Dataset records
::::::

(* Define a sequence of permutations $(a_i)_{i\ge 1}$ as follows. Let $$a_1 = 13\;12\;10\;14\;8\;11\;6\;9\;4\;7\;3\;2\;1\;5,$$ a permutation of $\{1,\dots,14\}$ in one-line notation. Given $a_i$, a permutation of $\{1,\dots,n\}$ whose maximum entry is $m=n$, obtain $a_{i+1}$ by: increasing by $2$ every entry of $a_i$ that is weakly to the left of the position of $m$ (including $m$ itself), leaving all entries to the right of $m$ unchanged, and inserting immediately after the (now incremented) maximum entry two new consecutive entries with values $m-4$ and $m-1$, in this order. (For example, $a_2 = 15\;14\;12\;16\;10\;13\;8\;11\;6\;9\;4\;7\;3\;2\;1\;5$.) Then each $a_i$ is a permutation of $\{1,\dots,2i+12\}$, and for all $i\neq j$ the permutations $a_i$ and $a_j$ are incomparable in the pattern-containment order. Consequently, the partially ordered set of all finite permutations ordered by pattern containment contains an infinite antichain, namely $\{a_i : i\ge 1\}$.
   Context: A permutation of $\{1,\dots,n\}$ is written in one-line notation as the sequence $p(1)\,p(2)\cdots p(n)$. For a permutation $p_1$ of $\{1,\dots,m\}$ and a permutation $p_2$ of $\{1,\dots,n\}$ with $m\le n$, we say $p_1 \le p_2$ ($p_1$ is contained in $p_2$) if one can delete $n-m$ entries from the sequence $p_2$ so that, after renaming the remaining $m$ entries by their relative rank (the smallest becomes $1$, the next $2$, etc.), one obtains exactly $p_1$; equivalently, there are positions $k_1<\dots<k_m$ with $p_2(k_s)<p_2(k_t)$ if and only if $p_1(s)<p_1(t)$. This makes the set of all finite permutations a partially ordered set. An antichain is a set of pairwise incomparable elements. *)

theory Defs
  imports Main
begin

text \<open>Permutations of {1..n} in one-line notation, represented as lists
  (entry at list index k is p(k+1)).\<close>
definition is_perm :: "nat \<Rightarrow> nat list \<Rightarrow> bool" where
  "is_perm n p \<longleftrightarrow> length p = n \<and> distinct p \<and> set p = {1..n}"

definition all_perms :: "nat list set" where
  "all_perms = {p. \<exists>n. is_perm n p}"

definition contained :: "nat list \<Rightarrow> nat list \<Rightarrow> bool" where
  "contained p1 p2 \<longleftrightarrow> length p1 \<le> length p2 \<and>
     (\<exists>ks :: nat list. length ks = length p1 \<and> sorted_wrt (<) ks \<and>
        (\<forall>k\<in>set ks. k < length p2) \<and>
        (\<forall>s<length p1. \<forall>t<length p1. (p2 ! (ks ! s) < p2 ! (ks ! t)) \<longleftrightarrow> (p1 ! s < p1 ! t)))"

::::::

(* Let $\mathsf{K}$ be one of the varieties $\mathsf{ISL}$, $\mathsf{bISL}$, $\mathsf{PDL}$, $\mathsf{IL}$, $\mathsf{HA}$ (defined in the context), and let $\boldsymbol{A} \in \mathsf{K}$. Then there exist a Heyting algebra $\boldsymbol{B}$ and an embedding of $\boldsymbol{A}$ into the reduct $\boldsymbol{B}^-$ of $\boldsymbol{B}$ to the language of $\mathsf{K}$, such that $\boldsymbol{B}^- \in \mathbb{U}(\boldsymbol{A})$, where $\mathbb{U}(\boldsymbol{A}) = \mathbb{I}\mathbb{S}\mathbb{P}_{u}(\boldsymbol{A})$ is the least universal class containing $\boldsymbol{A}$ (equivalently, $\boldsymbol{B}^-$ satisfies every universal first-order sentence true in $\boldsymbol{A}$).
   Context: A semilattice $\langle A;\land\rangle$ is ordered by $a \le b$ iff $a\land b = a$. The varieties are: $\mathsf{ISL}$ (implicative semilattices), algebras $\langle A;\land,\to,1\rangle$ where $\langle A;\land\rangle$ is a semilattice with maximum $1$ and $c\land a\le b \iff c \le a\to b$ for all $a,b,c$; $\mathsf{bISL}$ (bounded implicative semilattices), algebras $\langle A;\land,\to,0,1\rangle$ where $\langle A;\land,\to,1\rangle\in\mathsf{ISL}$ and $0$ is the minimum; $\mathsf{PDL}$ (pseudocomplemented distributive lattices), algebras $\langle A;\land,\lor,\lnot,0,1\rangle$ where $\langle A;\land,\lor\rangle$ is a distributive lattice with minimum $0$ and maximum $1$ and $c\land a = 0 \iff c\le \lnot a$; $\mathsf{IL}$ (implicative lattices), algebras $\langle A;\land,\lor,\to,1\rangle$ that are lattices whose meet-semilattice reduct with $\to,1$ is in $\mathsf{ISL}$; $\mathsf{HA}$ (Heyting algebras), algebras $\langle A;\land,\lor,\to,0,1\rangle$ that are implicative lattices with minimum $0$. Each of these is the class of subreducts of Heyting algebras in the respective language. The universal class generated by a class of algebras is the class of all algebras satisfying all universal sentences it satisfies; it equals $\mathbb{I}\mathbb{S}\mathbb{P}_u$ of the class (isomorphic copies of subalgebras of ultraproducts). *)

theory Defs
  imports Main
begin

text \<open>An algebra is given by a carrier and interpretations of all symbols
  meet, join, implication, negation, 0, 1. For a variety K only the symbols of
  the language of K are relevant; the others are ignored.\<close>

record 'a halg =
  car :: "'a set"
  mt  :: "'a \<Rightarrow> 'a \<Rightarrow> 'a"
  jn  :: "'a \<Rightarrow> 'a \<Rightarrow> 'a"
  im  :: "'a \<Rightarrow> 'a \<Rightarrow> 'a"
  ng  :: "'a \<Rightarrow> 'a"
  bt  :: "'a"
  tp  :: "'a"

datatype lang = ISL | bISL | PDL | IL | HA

::::::

▶ **Directions for this task**:
Your answer should be the exact lines above from the one with "n p \<longleftrightarrow>" through the one with "length p2 \<and>", both included, and nothing besides.

▶ **Task solution**:
  "is_perm n p \<longleftrightarrow> length p = n \<and> distinct p \<and> set p = {1..n}"

definition all_perms :: "nat list set" where
  "all_perms = {p. \<exists>n. is_perm n p}"

definition contained :: "nat list \<Rightarrow> nat list \<Rightarrow> bool" where
  "contained p1 p2 \<longleftrightarrow> length p1 \<le> length p2 \<and>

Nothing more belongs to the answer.